The NDA, which is based in Eritrea, signed the tentative agreement with
the government in the Egyptian capital, Cairo. It supports the southern
peace agreement, backs the drafting of a new constitution and calls for
the formation of a neutral, professional army.
"This is a positive development," George Somerwill, deputy spokesman of
the UN Advance Mission in Sudan (UNAMIS), told IRIN on Tuesday. "At this
time of great change for the people of Sudan, we welcome any move that
contributes to the consolidation of the peace in the country."
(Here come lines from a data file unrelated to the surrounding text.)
section \<open>The limits \<delta> ^ T \<longrightarrow> 1 and \<delta> ^ T \<longrightarrow> 0\<close>

lemma eventually_nhds_one_power:
  assumes "eventually P (nhds (1::real))"
    and "\<And>\<delta> T. 0 < \<delta> \<Longrightarrow> \<delta> \<le> 1 \<Longrightarrow> 1 \<le> T \<Longrightarrow> P (\<delta> ^ T) \<Longrightarrow> Q \<delta> T"
  shows "\<exists>\<epsilon>>0. \<forall>(\<delta>::real) (T::nat). 0 < \<delta> \<and> \<delta> \<le> 1 \<and> T \<ge> 1 \<and> 1 - \<epsilon> < \<delta> ^ T \<longrightarrow> Q \<delta> T"
proof -
  obtain \<epsilon> where "\<epsilon> > 0" and \<epsilon>: "\<And>D. dist D 1 < \<epsilon> \<Longrightarrow> P D"
    using assms(1) unfolding eventually_nhds_metric by blast
  have "Q \<delta> T" if "0 < \<delta>" "\<delta> \<le> 1" "1 \<le> T" "1 - \<epsilon> < \<delta> ^ T" for \<delta> T
    using that \<epsilon>[of "\<delta> ^ T"] assms(2) power_le_one[of \<delta> T] by (simp add: dist_real_def)
  then show ?thesis using \<open>\<epsilon> > 0\<close> by blast
qed

lemma eventually_nhds_zero_power:
  assumes "eventually P (nhds (0::real))"
    and "\<And>\<delta> T. 0 < \<delta> \<Longrightarrow> \<delta> \<le> 1 \<Longrightarrow> 1 \<le> T \<Longrightarrow> P (\<delta> ^ T) \<Longrightarrow> Q \<delta> T"
  shows "\<exists>\<epsilon>>0. \<forall>(\<delta>::real) (T::nat). 0 < \<delta> \<and> \<delta> \<le> 1 \<and> T \<ge> 1 \<and> \<delta> ^ T < \<epsilon> \<longrightarrow> Q \<delta> T"
proof -
  obtain \<epsilon> where "\<epsilon> > 0" and \<epsilon>: "\<And>D. dist D 0 < \<epsilon> \<Longrightarrow> P D"
    using assms(1) unfolding eventually_nhds_metric by blast
  have "Q \<delta> T" if "0 < \<delta>" "\<delta> \<le> 1" "1 \<le> T" "\<delta> ^ T < \<epsilon>" for \<delta> T
    using that \<epsilon>[of "\<delta> ^ T"] assms(2) by simp
  then show ?thesis using \<open>\<epsilon> > 0\<close> by blast
qed

lemma Fset_converges_to_Vset:
  assumes P: "finite (profiles n Aset)" "profiles n Aset \<noteq> {}"
    and pl: "bij_betw pl {1..n} (UNIV :: 'n::finite set)" and n: "1 \<le> n"
  shows "\<forall>\<epsilon>>0. \<exists>\<eta>>0. \<forall>(\<delta>::real) (T::nat). 0 < \<delta> \<and> \<delta> \<le> 1 \<and> T \<ge> 1 \<and> 1 - \<eta> < \<delta> ^ T \<longrightarrow>
           hausdorff_dist (Fset pl n Aset u \<delta> T) (Vset pl n Aset u) < \<epsilon>"
proof (intro allI impI)
  fix \<epsilon> :: real assume "\<epsilon> > 0"
  define B where "B = (\<Sum>i=1..n. payoff_range n Aset u i)"
  have "isCont (\<lambda>D. B * (1 - D ^ n) / D ^ n) 1" by (intro continuous_intros) simp
  then have "((\<lambda>D. B * (1 - D ^ n) / D ^ n) \<longlongrightarrow> 0) (nhds 1)"
    using tendsto_at_iff_tendsto_nhds[of "\<lambda>D. B * (1 - D ^ n) / D ^ n" 1] by (simp add: isCont_def)
  then have "eventually (\<lambda>D. B * (1 - D ^ n) / D ^ n < \<epsilon>) (nhds 1)"
    using \<open>\<epsilon> > 0\<close> by (rule order_tendstoD(2))
  then show "\<exists>\<eta>>0. \<forall>\<delta> T. 0 < \<delta> \<and> \<delta> \<le> 1 \<and> T \<ge> 1 \<and> 1 - \<eta> < \<delta> ^ T \<longrightarrow>
      hausdorff_dist (Fset pl n Aset u \<delta> T) (Vset pl n Aset u) < \<epsilon>"
  proof (rule eventually_nhds_one_power)
    fix \<delta> :: real and T :: nat
    assume \<delta>T: "0 < \<delta>" "\<delta> \<le> 1" "1 \<le> T" and "B * (1 - (\<delta> ^ T) ^ n) / (\<delta> ^ T) ^ n < \<epsilon>"
    moreover have "(\<delta> ^ T) ^ n = \<delta> ^ (n * T)" by (simp add: mult.commute power_mult)
    ultimately show "hausdorff_dist (Fset pl n Aset u \<delta> T) (Vset pl n Aset u) < \<epsilon>"
      using hausdorff_Fset_Vset_le[OF P pl n \<delta>T(3,1,2), of u] unfolding B_def by simp
  qed
qed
NDA spokesman Khatem Es-Sir also lauded the accord, and was quoted by
AFP news agency as saying that it "brings a practical solution to the
question of democratic change".
The deal represents a framework for a comprehensive political solution
between the two sides. It aims to lift the state of emergency, which has
been in place since 1989, and to reintegrate the NDA into Sudan's
political life.
A final agreement is expected to be signed on 12 February in Cairo.